Singapore executions toll rises to 10

SINGAPORE (AFP) — Singapore hanged two drug traffickers on Friday, rights campaigners said, bringing the number of prisoners executed in the last four months to 10, despite international calls for the city-state to abolish capital punishment.

Rights campaigner Kirsten Han and other activists identified one of the executed prisoners as Abdul Rahim Shapiee, 45, a former driver for a ride-hailing service who was convicted of trafficking heroin.

His last-gasp appeal for a stay of the sentence was dismissed, according to local media and rights campaigners.

The other man is believed to be a co-accused of Shapiee, but whose family had maintained privacy, Han said.
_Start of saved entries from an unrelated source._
text \<open>The action of \<open>\<sigma>\<^sub>i \<sigma>\<^sub>j\<close> on the coordinates \<open>(\<lambda>, \<mu>)\<close> of \<open>\<lambda> \<alpha>\<^sub>i + \<mu> \<alpha>\<^sub>j\<close> when
  \<open>B(\<alpha>\<^sub>i, \<alpha>\<^sub>j) = -c\<close>.\<close>
definition dihedral_lin :: "real \<Rightarrow> real \<times> real \<Rightarrow> real \<times> real" where
  "dihedral_lin c z = (let v = 2 * c * fst z - snd z in (2 * c * v - fst z, v))"

lemma dihedral_lin_order:
  assumes m: "m \<ge> 2"
  shows "(dihedral_lin (cos (pi / m)) ^^ m) z = z"
proof (cases "m = 2")
  case True
  then show ?thesis by (simp add: dihedral_lin_def numeral_2_eq_2)
next
  case False
  define c where "c = cos (pi / m)"
  have c2: "4 * c\<^sup>2 - 2 = 2 * cos (2 * pi / m)"
    using cos_double_cos[of "pi / m"] by (simp add: c_def algebra_simps)
  have twice: "fst (dihedral_lin c (dihedral_lin c w)) = (4 * c\<^sup>2 - 2) * fst (dihedral_lin c w) - fst w"
    "snd (dihedral_lin c (dihedral_lin c w)) = (4 * c\<^sup>2 - 2) * snd (dihedral_lin c w) - snd w" for w
    by (simp_all add: dihedral_lin_def Let_def power2_eq_square algebra_simps)
  have "fst ((dihedral_lin c ^^ m) z) = fst z" "snd ((dihedral_lin c ^^ m) z) = snd z"
    using chebyshev_periodic[of m "\<lambda>n. fst ((dihedral_lin c ^^ n) z)"]
      chebyshev_periodic[of m "\<lambda>n. snd ((dihedral_lin c ^^ n) z)"] m False twice
    by (simp_all add: c2)
  then show ?thesis by (simp add: c_def prod_eq_iff)
qed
Both are Singaporean nationals.

“We believe that there was a double execution this morning,” Han said on Twitter.

She later told AFP that “there is no reason to believe” the government would have halted the scheduled hanging of the other prisoner at the last minute.

The prisons department and Singapore’s drug enforcement agency did not reply to requests for official comment.

“I am worried that there might be more to come this year, perhaps after the National Day celebrations (on 9 August),” Han told AFP.

Executions this year could surpass the 13 prisoners hanged in 2018, she added.

The spate of hangings included the widely criticized execution of a man with limited cognitive function in April, and came after Singapore resumed executions in March after a hiatus of more than two years.